Give back exactly the stretch of data below from the line holding "r. unfold (fold_cube" through the line holding "(-1) 1 \<subseteq>", both ends included, and leave the remaining lines out.
-- Opening Marker --
(* For any two delay functions $\mathbf{d},\mathbf{d}':S_{fd}\to\mathbb{R}_{>0}$ we have $E_{C(\mathbf{d})}=\infty$ if and only if $E_{C(\mathbf{d}')}=\infty$.
   Context: $C=(S,\lambda,\mathrm{P},S_{fd},\mathrm{F},s_{in})$ is a fdCTMC structure: $S$ finite, $\lambda>0$, $\mathrm{P}\in\mathbb{R}_{\ge0}^{S\times S}$ and $\mathrm{F}\in\mathbb{R}_{\ge0}^{S_{fd}\times S}$ stochastic, $S_{fd}\subseteq S$, $s_{in}\in S$. For a delay function $\mathbf{d}$, $C(\mathbf{d})$ has runs $(s_0,d_0)t_0(s_1,d_1)t_1\cdots$, $s_0=s_{in}$, $d_0=\mathbf{d}(s_0)$ if $s_0\in S_{fd}$ else $\infty$; from $(s_i,d_i)$ an $\mathrm{Exp}(\lambda)$ time is sampled; if it is $t_i<d_i$, $s_{i+1}\sim\mathrm{P}(s_i,\cdot)$ with $d_{i+1}=d_i-t_i$ if $s_i,s_{i+1}\in S_{fd}$, $\mathbf{d}(s_{i+1})$ if $s_{i+1}\in S_{fd},s_i\notin S_{fd}$, $\infty$ if $s_{i+1}\notin S_{fd}$; otherwise $t_i=d_i$, $s_{i+1}\sim\mathrm{F}(s_i,\cdot)$, $d_{i+1}=\mathbf{d}(s_{i+1})$ if $s_{i+1}\in S_{fd}$, else $\infty$. A cost structure $(G,\mathcal{R},\mathcal{I}_{\mathrm{P}},\mathcal{I}_{\mathrm{F}})$ is fixed: goal states $G$, rates $\mathcal{R}:S\to\mathbb{R}_{\ge0}$, impulse costs $\mathcal{I}_{\mathrm{P}},\mathcal{I}_{\mathrm{F}}:S\times S\to\mathbb{R}_{\ge0}$. The total cost of a run is $\sum_{i<n}(t_i\mathcal{R}(s_i)+I_i)$ for the least $n>0$ with $s_n\in G$, with $I_i=\mathcal{I}_{\mathrm{P}}(s_i,s_{i+1})$ if $t_i<d_i$ and $\mathcal{I}_{\mathrm{F}}(s_i,s_{i+1})$ if $t_i=d_i$, and $\infty$ if no such $n$; $E_{C(\mathbf{d})}$ is its expectation. *)

theory Defs
  imports "HOL-Probability.Probability"
begin
text \<open>Translation by \<open>w i\<close> leaves the linear forms \<open>tr n (v j * x)\<close> unchanged and changes the
  sign of the Walsh summand exactly when the \<open>i\<close>-th form differs from \<open>\<beta> i\<close>. Hence only the points
  where all forms agree with \<open>\<beta>\<close> contribute, and there \<open>G\<close> is constant.\<close>

lemma sum_chi_off_pattern_eq_0:
  fixes f L :: "'a \<Rightarrow> 'a" and v w :: "nat \<Rightarrow> 'a" and G :: "(nat \<Rightarrow> bool) \<Rightarrow> 'a" and a :: 'a
  assumes f_F2: "\<And>x. f x \<in> {0, 1}"
    and polar: "\<And>x z. f (x + z) = f x + f z + tr n (L z * x)"
    and L_w: "\<And>i. i < \<tau> \<Longrightarrow> L (w i) = v i"
    and orth: "\<And>i j. i < \<tau> \<Longrightarrow> j < \<tau> \<Longrightarrow> tr n (v j * w i) = 0"
    and G_F2: "\<And>b. G b \<in> {0, 1}"
    and G_cong: "\<And>b b'. (\<And>j. j < \<tau> \<Longrightarrow> b j = b' j) \<Longrightarrow> G b = G b'"
  defines "\<beta> j \<equiv> f (w j) + tr n (a * w j) \<noteq> 0"
  shows "(\<Sum>x\<in>{x. \<exists>j<\<tau>. (tr n (v j * x) \<noteq> 0) \<noteq> \<beta> j}.
      chi (f x + G (\<lambda>j. tr n (v j * x) \<noteq> 0) + tr n (a * x))) = 0"
proof -
  define bits where "bits x = (\<lambda>j. tr n (v j * x) \<noteq> 0)" for x
  define A where "A = {x. \<exists>j<\<tau>. bits x j \<noteq> \<beta> j}"
  define i where "i x = (LEAST j. j < \<tau> \<and> bits x j \<noteq> \<beta> j)" for x
  define \<sigma> where "\<sigma> x = x + w (i x)" for x
  define T where "T x = chi (f x + G (bits x) + tr n (a * x))" for x
  have i: "i x < \<tau>" "bits x (i x) \<noteq> \<beta> (i x)" if "x \<in> A" for x
    using that LeastI_ex[of "\<lambda>j. j < \<tau> \<and> bits x j \<noteq> \<beta> j"] by (auto simp: A_def i_def)
  have bits_\<sigma>: "bits (\<sigma> x) j = bits x j" if "x \<in> A" "j < \<tau>" for x j
    using orth[OF i(1)[OF that(1)] that(2)]
    by (simp add: bits_def \<sigma>_def distrib_left tr_add[OF CHAR_eq_2])
  have \<sigma>_A: "\<sigma> x \<in> A" if "x \<in> A" for x
    using that bits_\<sigma>[OF that] by (auto simp: A_def)
  have i_\<sigma>: "i (\<sigma> x) = i x" if "x \<in> A" for x
  proof -
    have "(\<lambda>j. j < \<tau> \<and> bits (\<sigma> x) j \<noteq> \<beta> j) = (\<lambda>j. j < \<tau> \<and> bits x j \<noteq> \<beta> j)"
      using bits_\<sigma>[OF that] by auto
    then show ?thesis
      by (simp only: i_def)
  qed
  have \<sigma>_\<sigma>: "\<sigma> (\<sigma> x) = x" if "x \<in> A" for x
  proof -
    have "\<sigma> (\<sigma> x) = \<sigma> x + w (i x)"
      using \<sigma>_def[of "\<sigma> x"] i_\<sigma>[OF that] by simp
    then show ?thesis
      using add_self_CHAR_2[OF CHAR_eq_2, of "w (i x)"] by (simp add: \<sigma>_def add.assoc)
  qed
  have "(\<Sum>x\<in>A. T x) = 0"
  proof (rule sum_involution_eq_0[where h=\<sigma>])
    fix x
    assume "x \<in> A"
    let ?w = "w (i x)"
    have "f ?w + tr n (a * ?w) + tr n (v (i x) * x) = 1"
      using i[OF \<open>x \<in> A\<close>] F2_add_closed[OF CHAR_eq_2 f_F2[of ?w] tr_n_in_F2[of "a * ?w"]]
        tr_n_in_F2[of "v (i x) * x"] add_self_CHAR_2[OF CHAR_eq_2, of 1]
      by (auto simp: bits_def \<beta>_def)
    moreover have "G (bits (\<sigma> x)) = G (bits x)"
      using G_cong bits_\<sigma>[OF \<open>x \<in> A\<close>] by blast
    ultimately have "f (\<sigma> x) + G (bits (\<sigma> x)) + tr n (a * \<sigma> x) = (f x + G (bits x) + tr n (a * x)) + 1"
      using L_w[OF i(1)[OF \<open>x \<in> A\<close>]]
      by (simp add: \<sigma>_def polar distrib_left tr_add[OF CHAR_eq_2] mult.commute add_ac)
    then have "T (\<sigma> x) = - T x"
      unfolding T_def
      using chi_add[OF CHAR_eq_2 F2_add_closed[OF CHAR_eq_2 F2_add_closed[OF CHAR_eq_2 f_F2 G_F2] tr_n_in_F2],
          where z=1]
      by (simp add: chi_def)
    then show "T (\<sigma> x) + T x = 0" and "\<sigma> x \<noteq> x"
      by (auto simp: T_def chi_def split: if_splits)
  qed (use \<sigma>_A \<sigma>_\<sigma> in auto)
  then show ?thesis
    by (simp add: A_def T_def bits_def)
qed
lemma ipom_iso_src_conc:
  assumes "wf_ipom P" "ipom_iso P Q"
  shows "ipom_iso (src_conc P) (src_conc Q)"
proof -
  obtain f where f: "ipom_iso_via P Q f" using assms(2) ipom_iso_iff_via by blast
  then have "f ` srcI P = srcI Q" by (rule ipom_iso_viaD)
  then show ?thesis
    using ipom_iso_via_conc_of[OF f wf_ipom_src_ev[OF assms(1)]]
    unfolding ipom_iso_iff_via src_conc_def by auto
qed

lemma ipom_iso_tgt_conc:
  assumes "wf_ipom P" "ipom_iso P Q"
  shows "ipom_iso (tgt_conc P) (tgt_conc Q)"
proof -
  obtain f where f: "ipom_iso_via P Q f" using assms(2) ipom_iso_iff_via by blast
  then have "f ` tgtI P = tgtI Q" by (rule ipom_iso_viaD)
  then show ?thesis
    using ipom_iso_via_conc_of[OF f wf_ipom_tgt_ev[OF assms(1)]]
    unfolding ipom_iso_iff_via tgt_conc_def by auto
qed

lemma pomS_cls:
  assumes "wf_ipom P"
  shows "pomS (cls P) = cls (src_conc P)"
proof -
  have r: "wf_ipom (rep (cls P))" "ipom_iso P (rep (cls P))" using rep_cls[OF assms] by blast+
  have "ipom_iso (src_conc P) (src_conc (rep (cls P)))" by (rule ipom_iso_src_conc[OF assms r(2)])
  then have "cls (src_conc P) = cls (src_conc (rep (cls P)))"
    using cls_eq_iff[OF wf_src_conc[OF assms] wf_src_conc[OF r(1)]] by blast
  then show ?thesis unfolding pomS_def src_conc_def by simp
qed

lemma pomT_cls:
  assumes "wf_ipom P"
  shows "pomT (cls P) = cls (tgt_conc P)"
proof -
  have r: "wf_ipom (rep (cls P))" "ipom_iso P (rep (cls P))" using rep_cls[OF assms] by blast+
  have "ipom_iso (tgt_conc P) (tgt_conc (rep (cls P)))" by (rule ipom_iso_tgt_conc[OF assms r(2)])
  then have "cls (tgt_conc P) = cls (tgt_conc (rep (cls P)))"
    using cls_eq_iff[OF wf_tgt_conc[OF assms] wf_tgt_conc[OF r(1)]] by blast
  then show ?thesis unfolding pomT_def tgt_conc_def by simp
qed

lemma width_le_iso:
  assumes width: "width_le k P" and iso: "ipom_iso Q P"
  shows "width_le k Q"
  unfolding width_le_def
proof (intro allI impI)
  fix A assume A: "A \<subseteq> ev Q" and antichain: "\<forall>x\<in>A. \<forall>y\<in>A. (x, y) \<notin> prec Q"
  obtain g where g: "ipom_iso_via Q P g" using iso ipom_iso_iff_via by blast
  note g_props = ipom_iso_viaD[OF g]
  have inj: "inj_on g A"
    using g_props(1) A unfolding bij_betw_def by (blast intro: inj_on_subset)
  have "g ` A \<subseteq> ev P"
    using g_props(1) A unfolding bij_betw_def by blast
  moreover have "\<forall>x\<in>g ` A. \<forall>y\<in>g ` A. (x, y) \<notin> prec P"
    using g_props(2) antichain A by blast
  ultimately have "card (g ` A) \<le> k" using width unfolding width_le_def by blast
  then show "card A \<le> k" using card_image[OF inj] by simp
qed

lemma width_le_conc_of:
  assumes "width_le k P" "A \<subseteq> ev P" "\<forall>x\<in>A. \<forall>y\<in>A. (x, y) \<notin> prec P"
  shows "width_le k (conc_of P A)" "card A \<le> k"
  using assms unfolding width_le_def by (auto simp: subset_iff)

lemma iiPomsI: "wf_ipom P \<Longrightarrow> width_le k P \<Longrightarrow> cls P \<in> iiPoms k"
  unfolding iiPoms_def by blast

lemma iiPoms_rep:
  assumes "X \<in> iiPoms k"
  shows "wf_ipom (rep X)" "width_le k (rep X)" "cls (rep X) = X"
proof -
  obtain P where P: "wf_ipom P" "width_le k P" "X = cls P"
    using assms unfolding iiPoms_def by blast
  have r: "wf_ipom (rep (cls P))" "ipom_iso P (rep (cls P))" using rep_cls[OF P(1)] by blast+
  show "wf_ipom (rep X)" using r P by simp
  show "cls (rep X) = X" using cls_rep_cls[OF P(1)] P by simp
  show "width_le k (rep X)" using width_le_iso[OF P(2) ipom_iso_sym[OF P(1) r(2)]] P by simp
qed

lemma pomS_in_iiObj:
  assumes "X \<in> iiPoms k"
  shows "pomS X \<in> iiObj k"
proof -
  note r = iiPoms_rep[OF assms]
  have "card (srcI (rep X)) \<le> k"
    using width_le_conc_of(2)[OF r(2) wf_ipom_src_ev] wf_ipom_src_minimal r(1) by blast
  then show ?thesis
    using wf_src_conc[OF r(1)] unfolding iiObj_def pomS_def src_conc_def[symmetric]
    by (auto simp: src_conc_def is_conc_def)
qed

lemma pomT_in_iiObj:
  assumes "X \<in> iiPoms k"
  shows "pomT X \<in> iiObj k"
proof -
  note r = iiPoms_rep[OF assms]
  have "card (tgtI (rep X)) \<le> k"
    using width_le_conc_of(2)[OF r(2) wf_ipom_tgt_ev] wf_ipom_tgt_maximal r(1) by blast
  then show ?thesis
    using wf_tgt_conc[OF r(1)] unfolding iiObj_def pomT_def tgt_conc_def[symmetric]
    by (auto simp: tgt_conc_def is_conc_def)
qed

lemma pomT_in_iiPoms:
  assumes "X \<in> iiPoms k"
  shows "pomT X \<in> iiPoms k"
proof -
  note r = iiPoms_rep[OF assms]
  have "width_le k (tgt_conc (rep X))"
    unfolding tgt_conc_def using width_le_conc_of(1)[OF r(2) wf_ipom_tgt_ev] wf_ipom_tgt_maximal r(1)
    by blast
  then show ?thesis
    unfolding pomT_def tgt_conc_def[symmetric] by (rule iiPomsI[OF wf_tgt_conc[OF r(1)]])
qed

lemma pomS_pomT:
  assumes "X \<in> iiPoms k"
  shows "pomS (pomT X) = pomT X"
  using pomS_cls[OF wf_tgt_conc[OF iiPoms_rep(1)[OF assms]]]
  unfolding pomT_def tgt_conc_def[symmetric] by simp
lemma tri_fold_eq: "\<bar>y - 2 * of_int n\<bar> < 1 \<Longrightarrow> tri_fold y = (-1) ^ nat \<bar>n\<bar> * (y - 2 * of_int n)"
  unfolding tri_fold_def by (simp add: refl_idx_eq)

lemma bij_betw_tri_fold: "bij_betw tri_fold {y. \<bar>y - 2 * of_int n\<bar> < 1} {-1<..<1}"
proof (rule bij_betw_byWitness)
  let ?unfold = "\<lambda>u. 2 * of_int n + (-1) ^ nat \<bar>n\<bar> * u :: real"
  have sign_sq: "((-1::real) ^ nat \<bar>n\<bar>) * (-1) ^ nat \<bar>n\<bar> = 1"
    by (simp flip: power_add)
  have unfold_cell: "\<bar>?unfold u - 2 * of_int n\<bar> < 1" if "u \<in> {-1<..<1}" for u
    using that by (simp add: abs_mult abs_less_iff)
  show "\<forall>y\<in>{y. \<bar>y - 2 * of_int n\<bar> < 1}. ?unfold (tri_fold y) = y"
    using sign_sq by (auto simp: tri_fold_eq algebra_simps)
  show "\<forall>u\<in>{-1<..<1}. tri_fold (?unfold u) = u"
  proof
    fix u :: real assume "u \<in> {-1<..<1}"
    then have "tri_fold (?unfold u) = ((-1) ^ nat \<bar>n\<bar> * (-1) ^ nat \<bar>n\<bar>) * u"
      using tri_fold_eq[OF unfold_cell] by simp
    then show "tri_fold (?unfold u) = u"
      using sign_sq by simp
  qed
  show "tri_fold ` {y. \<bar>y - 2 * of_int n\<bar> < 1} \<subseteq> {-1<..<1}"
  proof clarify
    fix y :: real assume "\<bar>y - 2 * of_int n\<bar> < 1"
    then have "\<bar>tri_fold y\<bar> < 1" by (simp add: tri_fold_eq abs_mult)
    then show "tri_fold y \<in> {-1<..<1}" by (simp add: abs_less_iff)
  qed
  show "?unfold ` {-1<..<1} \<subseteq> {y. \<bar>y - 2 * of_int n\<bar> < 1}"
    using unfold_cell by blast
qed

lemma bij_betw_fold_cube: "bij_betw fold_cube (Pcell r) (box (-1) (1 :: real^'m))"
proof -
  note tri = bij_betw_tri_fold[of "r$j" for j]
  define unfold where "unfold = (\<lambda>u::real^'m. \<chi> j. inv_into {y. \<bar>y - 2 * of_int (r$j)\<bar> < 1} tri_fold (u$j))"
  show ?thesis
  proof (rule bij_betw_byWitness[where f' = unfold])
    show "\<forall>y\<in>Pcell r. unfold (fold_cube y) = y"
      using tri by (auto simp: unfold_def fold_cube_def Pcell_def vec_eq_iff intro: bij_betw_inv_into_left[OF tri])
    show "\<forall>u\<in>box (-1) 1. fold_cube (unfold u) = u"
      using tri by (auto simp: unfold_def fold_cube_def mem_box_cart vec_eq_iff intro: bij_betw_inv_into_right[OF tri])
    show "fold_cube ` Pcell r \<subseteq> box (-1) 1"
      using tri by (fastforce simp: fold_cube_def Pcell_def mem_box_cart dest: bij_betw_apply)
    show "unfold ` box (-1) 1 \<subseteq> Pcell r"
      using tri by (fastforce simp: unfold_def Pcell_def mem_box_cart dest: bij_betw_apply[OF bij_betw_inv_into])
  qed
qed

lemma cubeQ_eq_cbox: "cubeQ = cbox (-1) (1 :: real^'m)"
  by (auto simp: cubeQ_def mem_box_cart abs_le_iff)
text \<open>Both adjacency thresholds are truncated differences; \<open>3 \<le> om_rank C\<close> makes them differ by
  exactly one, which the common zero \<open>e\<close> makes up.\<close>

lemma cg_adj_of_contraction:
  assumes "cg_adj (E - {e}) (contraction C e) X Y" "om_rank (contraction C e) + 1 = om_rank C"
    and "3 \<le> om_rank C" "e \<in> E" "finite E"
  shows "cg_adj E C X Y"
proof -
  have X: "X \<in> C" "X e = Zero" and Y: "Y \<in> C" "Y e = Zero"
    using assms(1) by (auto simp: cg_adj_def contraction_def)
  then have "zero_part E X \<inter> zero_part E Y = insert e (zero_part (E - {e}) X \<inter> zero_part (E - {e}) Y)"
    using assms(4) by (auto simp: zero_part_def)
  then have "card (zero_part E X \<inter> zero_part E Y) = card (zero_part (E - {e}) X \<inter> zero_part (E - {e}) Y) + 1"
    using assms(5) by (simp add: zero_part_def)
  then show ?thesis using assms X Y by (auto simp: cg_adj_def)
qed

lemma cg_dist_le_cg_diam_contraction:
  assumes "X \<in> contraction C e" "Y \<in> contraction C e" "om_rank (contraction C e) + 1 = om_rank C"
    and "3 \<le> om_rank C" "e \<in> E" "finite E"
  shows "cg_dist E C X Y \<le> cg_diam (E - {e}) (contraction C e)"
proof -
  have "cg_dist E C X Y \<le> cg_dist (E - {e}) (contraction C e) X Y"
    using cg_dist_map[of "contraction C e" "\<lambda>X. X" C, OF _ cg_adj_of_contraction[OF _ assms(3-6)]]
    by (auto simp: contraction_def)
  also have "\<dots> \<le> cg_diam (E - {e}) (contraction C e)" by (rule cg_dist_le_cg_diam[OF assms(1,2)])
  finally show ?thesis .
qed

lemma cocircuits_common_zero:
  assumes "finite E" "card (zero_part E X) + card (zero_part E Y) > card E"
  shows "\<exists>e\<in>E. X e = Zero \<and> Y e = Zero"
proof -
  have "card (zero_part E X \<union> zero_part E Y) \<le> card E"
    using assms(1) by (intro card_mono) (auto simp: zero_part_def)
  then have "zero_part E X \<inter> zero_part E Y \<noteq> {}"
    using assms card_Un_Int[of "zero_part E X" "zero_part E Y"] by (auto simp: finite_zero_part)
  then show ?thesis by (auto simp: zero_part_def)
qed
text \<open>A basis tuple is the shuffle of exactly one pair, so the sum defining the shuffle product
  has at most one term.\<close>

lemma shuffleA_apply:
  "shuffleA r d m n I x y w = (if w \<in> basisA r d (n + m)
     then x (select_positions I w) * y (select_positions ({0..<n + m} - I) w) else 0)"
proof -
  have "{(us, vs). us \<in> basisA r d m \<and> vs \<in> basisA r d n \<and> shuffle_list I us vs = w}
     = (if w \<in> basisA r d (n + m)
        then {(select_positions I w, select_positions ({0..<n + m} - I) w)} else {})"
  proof (cases "w \<in> basisA r d (n + m)")
    case True
    then show ?thesis
      using select_shuffle_list[OF length_basisA length_basisA] shuffle_list_select[of w]
        select_positions_in_basisA[OF True] length_basisA[OF True]
      by auto
  qed (use shuffle_list_in_basisA in auto)
  then show ?thesis by (simp add: shuffleA_def)
qed

lemma starA_delta_shuffleA:
  fixes b f :: "(nat \<Rightarrow> nat) list \<Rightarrow> 'k::comm_ring_1"
  assumes p: "p \<in> basisA r e (n + m)"
  shows "starA r e d (delta p) (shuffleA r d m n I b f) w =
    shuffleA r (d + e) m n I (starA r e d (delta (select_positions I p)) b)
      (starA r e d (delta (select_positions ({0..<n + m} - I) p)) f) w"
proof (cases "w \<in> basisA r (d + e) (n + m)")
  case False
  then have "starA r e d (delta p) (shuffleA r d m n I b f) w = 0"
    using starA_in_Aspace[OF delta_in_Aspace[OF p]] by (auto simp: Aspace_def add.commute)
  with False show ?thesis by (simp add: shuffleA_apply)
next
  case True
  let ?C = "{0..<n + m} - I"
  let ?add = "map2 (\<lambda>u v i. u i + v i) :: (nat \<Rightarrow> nat) list \<Rightarrow> _"
  have lw: "length w = n + m" using True by (rule length_basisA)
  have lp: "length p = n + m" using p by (rule length_basisA)
  define Q where "Q = {q \<in> basisA r d (n + m). ?add p q = w}"
  define V where "V = {vs \<in> basisA r d m. ?add (select_positions I p) vs = select_positions I w}"
  define Y where "Y = {ys \<in> basisA r d n. ?add (select_positions ?C p) ys = select_positions ?C w}"
  have "starA r e d (delta p) (shuffleA r d m n I b f) w =
      (\<Sum>q\<in>Q. b (select_positions I q) * f (select_positions ?C q))"
    using p lw by (simp add: starA_delta Q_def shuffleA_apply)
  also have "\<dots> = (\<Sum>(vs, ys)\<in>V \<times> Y. b vs * f ys)"
  proof (rule sum.reindex_bij_witness[where i = "\<lambda>(vs, ys). shuffle_list I vs ys"
        and j = "\<lambda>q. (select_positions I q, select_positions ?C q)"])
    fix q assume "q \<in> Q"
    then have q: "q \<in> basisA r d (n + m)" "?add p q = w" by (auto simp: Q_def)
    show "(\<lambda>(vs, ys). shuffle_list I vs ys) (select_positions I q, select_positions ?C q) = q"
      using shuffle_list_select[OF length_basisA[OF q(1)]] by simp
    show "(select_positions I q, select_positions ?C q) \<in> V \<times> Y"
      using q select_positions_in_basisA[OF q(1)]
        map2_eq_iff_select_positions[OF lp length_basisA[OF q(1)] lw]
      by (simp add: V_def Y_def)
  next
    fix z assume "z \<in> V \<times> Y"
    then obtain vs ys where z: "z = (vs, ys)" "vs \<in> basisA r d m" "ys \<in> basisA r d n"
      "?add (select_positions I p) vs = select_positions I w"
      "?add (select_positions ?C p) ys = select_positions ?C w"
      by (auto simp: V_def Y_def)
    have sel: "select_positions I (shuffle_list I vs ys) = vs"
      "select_positions ?C (shuffle_list I vs ys) = ys"
      using select_shuffle_list[OF length_basisA[OF z(2)] length_basisA[OF z(3)]] by simp_all
    have sh: "shuffle_list I vs ys \<in> basisA r d (n + m)"
      using shuffle_list_in_basisA[OF z(2,3)] .
    show "(select_positions I ((\<lambda>(vs, ys). shuffle_list I vs ys) z),
        select_positions ?C ((\<lambda>(vs, ys). shuffle_list I vs ys) z)) = z"
      using z(1) sel by simp
    show "(\<lambda>(vs, ys). shuffle_list I vs ys) z \<in> Q"
      using z sel sh map2_eq_iff_select_positions[OF lp length_basisA[OF sh] lw]
      by (simp add: Q_def)
  qed (auto simp: split_def)
  also have "\<dots> = (\<Sum>vs\<in>V. b vs) * (\<Sum>ys\<in>Y. f ys)"
    by (simp add: sum_product sum.cartesian_product split_def)
  also have "\<dots> = shuffleA r (d + e) m n I (starA r e d (delta (select_positions I p)) b)
      (starA r e d (delta (select_positions ?C p)) f) w"
    using True select_positions_in_basisA[OF p]
    by (simp add: shuffleA_apply starA_delta V_def Y_def card_I card_complement)
  finally show ?thesis .
qed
-- Closing Marker --
> [Exercise result]:
    show "\<forall>y\<in>Pcell r. unfold (fold_cube y) = y"
      using tri by (auto simp: unfold_def fold_cube_def Pcell_def vec_eq_iff intro: bij_betw_inv_into_left[OF tri])
    show "\<forall>u\<in>box (-1) 1. fold_cube (unfold u) = u"
      using tri by (auto simp: unfold_def fold_cube_def mem_box_cart vec_eq_iff intro: bij_betw_inv_into_right[OF tri])
    show "fold_cube ` Pcell r \<subseteq> box (-1) 1"
      using tri by (fastforce simp: fold_cube_def Pcell_def mem_box_cart dest: bij_betw_apply)
    show "unfold ` box (-1) 1 \<subseteq> Pcell r"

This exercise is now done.